_Source records_.
text \<open>\<open>cps M K\<close> is \<open>\<langle>M\<rangle>[K]\<close>, \<open>cpsJ J\<close> is \<open>\<langle>J\<rangle>\<close>, \<open>star V\<close> is \<open>V\<^sup>*\<close> (only meaningful on values).\<close>
function cps :: "trm \<Rightarrow> tK \<Rightarrow> tQ" and cpsJ :: "jmp \<Rightarrow> tQ" and star :: "trm \<Rightarrow> tW" where
  "cps (Var x) K = QK K (star (Var x))"
| "cps (Lam M) K = QK K (star (Lam M))"
| "cps (App M1 M2) K =
    (if is_val M1 \<and> is_val M2 then QT (TApp (star M1) (star M2)) K
     else if is_val M1 then
       cps M2 (KLam (QT (TApp (oshW 0 (star M1)) (WVar 0)) (oshK 0 K)))
     else if is_val M2 then
       cps M1 (KLam (QT (TApp (WVar 0) (oshW 0 (star M2))) (oshK 0 K)))
     else
       cps M1 (KLam (cps (oshift 0 M2)
                       (KLam (QT (TApp (WVar 1) (WVar 0)) (oshK 0 (oshK 0 K)))))))"
| "cps (Where L M) K = cps M (KLam (cps L (oshK 0 K)))"
| "cps (Mu J) K = QT (TLam (cpsJ J)) K"
| "cpsJ (Jmp k M) = cps M (KVar k)"
| "cpsJ (JWhere J M) = cps M (KLam (cpsJ J))"
| "star (Var x) = WVar x"
| "star (Lam M) = WLam (TLam (cps (kshift 0 M) (KVar 0)))"
| "star (App M N) = undefined"
| "star (Where M N) = undefined"
| "star (Mu J) = undefined"
  by pat_completeness auto
termination
  by (relation "measure (case_sum (\<lambda>(M, K). 2 * size M + 1) (case_sum (\<lambda>J. 2 * size J + 1) (\<lambda>V. 2 * size V)))") auto

definition cps_top :: "trm \<Rightarrow> tT" where
  "cps_top M = TLam (cps (kshift 0 M) (KVar 0))"

primrec invT :: "tT \<Rightarrow> trm" and invQ :: "tQ \<Rightarrow> jmp"
  and invW :: "tW \<Rightarrow> trm" and fillK :: "tK \<Rightarrow> trm \<Rightarrow> jmp" where
  "invT (TLam Q) = Mu (invQ Q)"
| "invT (TApp W1 W2) = App (invW W1) (invW W2)"
| "invQ (QK K W) = fillK K (invW W)"
| "invQ (QT T K) = fillK K (invT T)"
| "invW (WVar x) = Var x"
| "invW (WLam T) = Lam (invT T)"
| "fillK (KVar k) M = Jmp k M"
| "fillK (KLam Q) M = JWhere (invQ Q) M"

end

theory Submission
  imports Defs
begin

text \<open>By simultaneous induction along the CPS translation one shows
  \<open>\<langle>M\<rangle>[K]\<inverse> =\<^sub>c\<^sub>c\<^sub>v K\<inverse>[M]\<close>, \<open>\<langle>J\<rangle>\<inverse> =\<^sub>c\<^sub>c\<^sub>v J\<close> and \<open>(V\<^sup>*)\<inverse> =\<^sub>c\<^sub>c\<^sub>v V\<close>.
  Each clause of the translation is undone by reading a rule of the calculus backwards:
  (E3), respectively (E1), moves the \<open>where\<close> introduced by a continuation \<open>\<lambda>x.Q\<close> out of the hole,
  the naming rules \<open>NM \<rightarrow> (zM where z:=N)\<close> and \<open>VN \<rightarrow> (Vz where z:=N)\<close> remove the names introduced
  for non-values, and \<open>\<mu>k.[k]M \<rightarrow> M\<close> removes the \<open>\<lambda>k\<close> of the top level and of \<open>(\<lambda>x.M)\<^sup>*\<close>.
  Since the induction also pushes already translated terms under new \<open>where\<close>-binders, the
  statement is proved for the closure of \<open>=\<^sub>c\<^sub>c\<^sub>v\<close> under arbitrary sequences of index shifts.\<close>

lemma oshift_commute:
  "d \<le> c \<Longrightarrow> oshift (Suc c) (oshift d M) = oshift d (oshift c M)"
  "d \<le> c \<Longrightarrow> oshiftJ (Suc c) (oshiftJ d J) = oshiftJ d (oshiftJ c J)"
  by (induction M and J arbitrary: c d and c d) auto

lemma oshift_kshift_commute:
  "oshift c (kshift d M) = kshift d (oshift c M)"
  "oshiftJ c (kshiftJ d J) = kshiftJ d (oshiftJ c J)"
  by (induction M and J arbitrary: c d and c d) auto

lemma is_val_oshift: "is_val (oshift c M) = is_val M"
  by (cases M) auto

lemma inv_oshift_commute:
  "invT (oshT c T) = oshift c (invT T)"
  "invQ (oshQ c Q) = oshiftJ c (invQ Q)"
  "invW (oshW c W) = oshift c (invW W)"
  "\<And>M. fillK (oshK c K) (oshift c M) = oshiftJ c (fillK K M)"
  by (induction T and Q and W and K arbitrary: c and c and c and c) auto

lemma fold_oshift_simps [simp]:
  "fold oshift cs (Lam M) = Lam (fold oshift (map Suc cs) M)"
  "fold oshift cs (App M N) = App (fold oshift cs M) (fold oshift cs N)"
  "fold oshift cs (Where M N) = Where (fold oshift (map Suc cs) M) (fold oshift cs N)"
  "fold oshift cs (Mu J) = Mu (fold oshiftJ cs J)"
  "fold oshiftJ cs (Jmp k M) = Jmp k (fold oshift cs M)"
  "fold oshiftJ cs (JWhere J M) = JWhere (fold oshiftJ (map Suc cs) J) (fold oshift cs M)"
  by (induction cs arbitrary: M N J) auto

lemma is_val_fold_oshift: "is_val (fold oshift cs M) = is_val M"
  by (induction cs arbitrary: M) (auto simp: is_val_oshift)

lemma fold_oshift_Var0: "fold oshift (map Suc cs) (Var 0) = Var 0"
  by (induction cs) auto

lemma fold_oshift_oshift0: "fold oshift (map Suc cs) (oshift 0 M) = oshift 0 (fold oshift cs M)"
  by (induction cs arbitrary: M) (auto simp: oshift_commute)

lemma fold_oshiftJ_oshiftJ1:
  "fold oshiftJ (map (Suc \<circ> Suc) cs) (oshiftJ (Suc 0) J) = oshiftJ (Suc 0) (fold oshiftJ (map Suc cs) J)"
  by (induction cs arbitrary: J) (auto simp: oshift_commute)

lemma fold_oshift_kshift0: "fold oshift cs (kshift 0 M) = kshift 0 (fold oshift cs M)"
  by (induction cs arbitrary: M) (auto simp: oshift_kshift_commute)

definition sccv :: "trm \<Rightarrow> trm \<Rightarrow> bool" where
  "sccv M N \<longleftrightarrow> (\<forall>cs. ccv (fold oshift cs M) (fold oshift cs N))"

definition sccvJ :: "jmp \<Rightarrow> jmp \<Rightarrow> bool" where
  "sccvJ J J' \<longleftrightarrow> (\<forall>cs. ccvJ (fold oshiftJ cs J) (fold oshiftJ cs J'))"

lemma sccv_imp_ccv: "sccv M N \<Longrightarrow> ccv M N"
  unfolding sccv_def by (metis fold_simps(1))

lemma sccv_refl: "sccv M M" and sccvJ_refl: "sccvJ J J"
  by (auto simp: sccv_def sccvJ_def intro: ccv_ccvJ.intros)

lemma sccv_sym: "sccv M N \<Longrightarrow> sccv N M" and sccvJ_sym: "sccvJ J J' \<Longrightarrow> sccvJ J' J"
  by (auto simp: sccv_def sccvJ_def intro: ccv_ccvJ.intros)

lemma sccv_trans: "sccv M N \<Longrightarrow> sccv N P \<Longrightarrow> sccv M P"
  and sccvJ_trans: "sccvJ J J' \<Longrightarrow> sccvJ J' J'' \<Longrightarrow> sccvJ J J''"
  by (auto simp: sccv_def sccvJ_def intro: ccv_ccvJ.intros)

lemma sccv_Lam: "sccv M M' \<Longrightarrow> sccv (Lam M) (Lam M')"
  and sccv_App: "sccv M M' \<Longrightarrow> sccv N N' \<Longrightarrow> sccv (App M N) (App M' N')"
  and sccv_Mu: "sccvJ J J' \<Longrightarrow> sccv (Mu J) (Mu J')"
  and sccvJ_Jmp: "sccv M M' \<Longrightarrow> sccvJ (Jmp k M) (Jmp k M')"
  and sccvJ_JWhere: "sccvJ J J' \<Longrightarrow> sccv M M' \<Longrightarrow> sccvJ (JWhere J M) (JWhere J' M')"
  by (auto simp: sccv_def sccvJ_def intro: ccv_ccvJ.intros)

_Work order_.
Reproduce verbatim the lines above, from the line with "by (cases M) auto" through the line with "oshift cs (Mu".

_Exercise response_.
  by (cases M) auto

lemma inv_oshift_commute:
  "invT (oshT c T) = oshift c (invT T)"
  "invQ (oshQ c Q) = oshiftJ c (invQ Q)"
  "invW (oshW c W) = oshift c (invW W)"
  "\<And>M. fillK (oshK c K) (oshift c M) = oshiftJ c (fillK K M)"
  by (induction T and Q and W and K arbitrary: c and c and c and c) auto

lemma fold_oshift_simps [simp]:
  "fold oshift cs (Lam M) = Lam (fold oshift (map Suc cs) M)"
  "fold oshift cs (App M N) = App (fold oshift cs M) (fold oshift cs N)"
  "fold oshift cs (Where M N) = Where (fold oshift (map Suc cs) M) (fold oshift cs N)"
  "fold oshift cs (Mu J) = Mu (fold oshiftJ cs J)"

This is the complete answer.